Don’t gloat, you overly inefficient entshitificator; this is not a moment of weakness from me. The atrocities you committed and indulged in disqualify you from making any desirable comment! The only reason for this is pandas’ venerable age and sadly the absence of a unified and clear syntax. But not all hope is lost, as larger animals will demonstrate much later.

But, Sir Rants, you just used for loops with a pandas DataFrame and you told me not to! That’s not fair!

Sigh… Do I really have to explain everything? Since your mind is equipped with the agility of a dead bird engulfed in an oil spill, I will articulate this more clearly. What you just witnessed in the former example is indeed a for loop. This for loop is used to create a finite collection of functions, but everything is done by the .assign() method. This for loop is not involved in any calculation. It does not iterate over the whole fucking DataFrame, nor perform 4 levels of nasty, nested group-by operations that even a moronic ape smashing on a keyboard would not dare to do!

Advanced Apply Operations

Here we are mostly speaking about the pattern .groupby().apply(). Again there is some leeway, because on one hand it allows you to perform simply some operations that could be quite complex when written with a different syntax. On the other hand, it can become extremely fast a foot-gun loaded with unnecessary complexity, even faster than an executive sabotaging a good product because now it must use AI.

Regardless, use a more straightforward and explicit syntax if possible:

(
    fancy_name_because_i_use_method_chaining
    .groupby(["column_name_1", "column_name_2"])
    .agg(
        avg_price=("price", "mean"),
        avg_price_change=("price", lambda x: x.diff().mean()),
        awesome_feature=("scores", function_defined_elsewhere),
    )
)

This very expressive syntax is usually a good seatbelt against our own stupidity while being only slightly more verbose. But since when is the number of characters you type the bottleneck of your work?

Final Thoughts

Let’s recap one more time how to write pandas that will not trigger the next maintainers of your code to spiral down into depression, hang themselves, and/or gouge their eyes out.

No …

No fucking for loops, Sir Rants, I learned the message!

Good lad!
No inplace=True: It prevents method chaining and provides no memory benefits.
Embrace Method Chaining: Use lambda df: df... to reference the current DataFrame when filtering or creating new columns.
Avoid Self-Joins: Use groupby().transform() (similar to SQL window functions) instead of merging aggregated DataFrames back into themselves.
Prioritize Vectorization: Prefer built-in vectorized operations (.str, .dt) over .apply() for simple column transformations.
Careful Use of .apply(): it might be tolerated for applying the same transformation to multiple columns (for the sake of readability), or after .groupby operations, but beware of the complexity demon here!
Estimate How Fast You Code Should Run: Expect the processing of ~10GB of real-life data on average hardware to take a few tens of seconds, not minutes or worse… Be extremely skeptical of any code that takes longer.

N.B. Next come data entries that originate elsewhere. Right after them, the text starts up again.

lemma A_q_dual_bound:
  fixes w :: "'a::euclidean_space \<Rightarrow> real"
  assumes Aq: "A_q q w" and "1 < q"
  shows "\<exists>C>0. \<forall>c R. 0 < R \<longrightarrow> 0 < wball w c R \<longrightarrow>
    (\<exists>J\<ge>0. (\<integral>\<^sup>+x\<in>ball c R. negpow (w x) (1 / (q - 1)) \<partial>lebesgue) = ennreal J \<and>
       wball w c R * J powr (q - 1) \<le> C * measure lebesgue (ball c R) powr q)"
proof -
  have wt: "weight w" using Aq unfolding A_q_def by auto
  obtain C0 where C0: "\<And>c R. 0 < R \<Longrightarrow>
      ennreal (measure lebesgue (ball c R) powr - q) * wmeas w (ball c R)
        * ennpow (\<integral>\<^sup>+x\<in>ball c R. negpow (w x) (1 / (q - 1)) \<partial>lebesgue) (q - 1)
      \<le> ennreal C0"
  proof -
    have "(q / (q - 1)) / q = 1 / (q - 1)" using \<open>1 < q\<close> by simp
    with Aq show ?thesis unfolding A_q_def by (simp only:) (blast intro: that)
  qed
  define C where "C = max C0 1"
  have "\<exists>J\<ge>0. (\<integral>\<^sup>+x\<in>ball c R. negpow (w x) (1 / (q - 1)) \<partial>lebesgue) = ennreal J \<and>
       wball w c R * J powr (q - 1) \<le> C * measure lebesgue (ball c R) powr q"
    if "0 < R" "0 < wball w c R" for c R
  proof -
    define I where "I = (\<integral>\<^sup>+x\<in>ball c R. negpow (w x) (1 / (q - 1)) \<partial>lebesgue)"
    define B where "B = measure lebesgue (ball c R)"
    have "0 < B" using \<open>0 < R\<close> by (simp add: B_def)
    have bound: "ennreal (B powr - q) * ennreal (wball w c R) * ennpow I (q - 1) \<le> ennreal C0"
      using C0[OF \<open>0 < R\<close>, of c] by (simp add: B_def I_def wmeas_ball_eq_wball[OF wt])
    have "I \<noteq> \<infinity>"
    proof
      assume "I = \<infinity>"
      then have "ennreal (B powr - q) * ennreal (wball w c R) * ennpow I (q - 1) = \<infinity>"
        using \<open>0 < B\<close> that by (simp add: ennpow_def ennreal_mult_top)
      with bound show False by (simp add: top_unique)
    qed
    then obtain J where J: "I = ennreal J" "0 \<le> J" by (cases I) auto
    have "ennreal (B powr - q * wball w c R * J powr (q - 1)) \<le> ennreal C"
      using bound J wball_nonneg[of w c R] order_trans[OF _ ennreal_leI[of C0 C]]
      by (simp add: ennpow_def ennreal_mult C_def)
    then have "B powr - q * wball w c R * J powr (q - 1) \<le> C"
      by (simp add: C_def)
    then have "wball w c R * J powr (q - 1) \<le> C * B powr q"
      using \<open>0 < B\<close> by (simp add: powr_minus field_simps)
    with J show ?thesis by (auto simp: I_def B_def)
  qed
  moreover have "C > 0" unfolding C_def by simp
  ultimately show ?thesis by blast
qed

Again, we are not doing any kind of optimization around here; we are just writing code that does not suck utterly and that is not a waste of CPU cycles. Method chaining is a good way to limit your own ability to do stupid shit, and it keeps you within a decent range of the “optimal” processing time you can hope to have in pure pandas.

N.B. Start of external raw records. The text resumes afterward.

text \<open>Otherwise exchanging b and the vertices of Y for their private neighbours turns X into an
  independent set of the same size.\<close>
lemma pn_b_joined_to_pn_Y: "\<exists>y\<in>Y. E (pn b) (pn y)"
proof (rule ccontr)
  assume not_joined: "\<not> (\<exists>y\<in>Y. E (pn b) (pn y))"
  let ?S = "insert b Y"
  have "card (X - ?S \<union> pn ` ?S) = card X"
    using finite_X b_in_X pn_b(2) pn_Y(2)
    by (intro card_exchange inj_on_subset[OF inj_on_pn]) auto
  moreover have "independent_set V E (X - ?S \<union> pn ` ?S)"
  proof -
    have "independent_set V E (edge_non_neighbourhood V E a b)"
      using graph twoK2_free edge by (rule edge_non_neighbourhood_independent)
    then have "independent_set V E (Z \<union> pn ` Y)"
      by (rule independent_set_subset) (use pn_Y_non_neighbourhood in blast)
    moreover have "\<forall>u\<in>Z \<union> pn ` Y. \<not> E a u"
    proof
      fix u assume "u \<in> Z \<union> pn ` Y"
      then show "\<not> E a u"
        using pn_Y(5)[of _ a] a_in_X Y_D graph_sym[of V E a u, OF graph]
        by (auto simp: edge_non_neighbourhood_def)
    qed
    ultimately have "independent_set V E (insert a (Z \<union> pn ` Y))"
      using independent_set_insert[OF graph] a_in_X X_subset_V by blast
    moreover have "\<forall>u\<in>insert a (Z \<union> pn ` Y). \<not> E (pn b) u"
      using pn_b(4) a_in_X a_neq_b not_joined by (auto simp: edge_non_neighbourhood_def)
    ultimately have "independent_set V E (insert (pn b) (insert a (Z \<union> pn ` Y)))"
      using independent_set_insert[OF graph] pn_b(1) by blast
    moreover have "X - ?S \<union> pn ` ?S = insert (pn b) (insert a (Z \<union> pn ` Y))"
      using a_in_X a_neq_b X_subset_V edge
      by (auto simp: edge_neighbourhood_def edge_non_neighbourhood_def)
    ultimately show ?thesis by simp
  qed
  ultimately show False
    using independent_card_less by (metis less_irrefl)
qed

lemma pn_a_joined_to_pn_Y: "\<exists>y\<in>Y. E (pn a) (pn y)"
proof -
  interpret swapped: large_dominating_edge V E b a X by (rule swap)
  show ?thesis
    using swapped.pn_b_joined_to_pn_Y by (simp add: edge_neighbourhood_commute)
qed

lemma Y_nonempty: "Y \<noteq> {}"
  using pn_b_joined_to_pn_Y by blast

lemma Y_non_adjacent_to_a:
  assumes "y \<in> Y" "E (pn b) (pn y)" "w \<in> Y" "w \<noteq> y"
  shows "\<not> E w a"
proof
  assume "E w a"
  have "a \<notin> {pn b, pn y}" "w \<notin> {pn b, pn y}"
    using assms(1,3) pn_b(2) pn_Y(2) a_in_X Y_D by auto
  then have "E a (pn b) \<or> E a (pn y) \<or> E w (pn b) \<or> E w (pn y)"
    using twoK2_free_edges_joined[OF graph twoK2_free graph_sym[OF graph \<open>E w a\<close>] assms(2)]
    by blast
  then show False
    using assms pn_b(5) pn_Y(5) a_in_X a_neq_b Y_D by blast
qed

lemma Y_clique:
  assumes "y \<in> Y" "z \<in> Y" "y \<noteq> z"
  shows "E y z"
proof -
  have "y \<notin> {z, pn z}" "pn y \<notin> {z, pn z}"
    using assms pn_Y(2)[OF assms(1)] pn_Y(2)[OF assms(2)] Y_D[OF assms(1)] Y_D[OF assms(2)]
      pn_distinct[of y z] by auto
  then have "E y z \<or> E y (pn z) \<or> E (pn y) z \<or> E (pn y) (pn z)"
    using twoK2_free_edges_joined[OF graph twoK2_free pn_Y(3)[OF assms(1)] pn_Y(3)[OF assms(2)]]
    by blast
  then show ?thesis
    using assms pn_Y(4)[of y] pn_Y(5)[of z] pn_Y_non_adjacent Y_D by blast
qed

If you use these simple rules of thumb, you will have a code that is not only surprisingly fast even for pandas but also extremely readable and debuggable. Your coworker will stop despising you when you hand them over some code, your manager will give you the employee of the month trophy, and your significant other won’t dump your sorry ass. (The last two promises are only binding for those who believe in cryptocurrency or the tooth-fairy).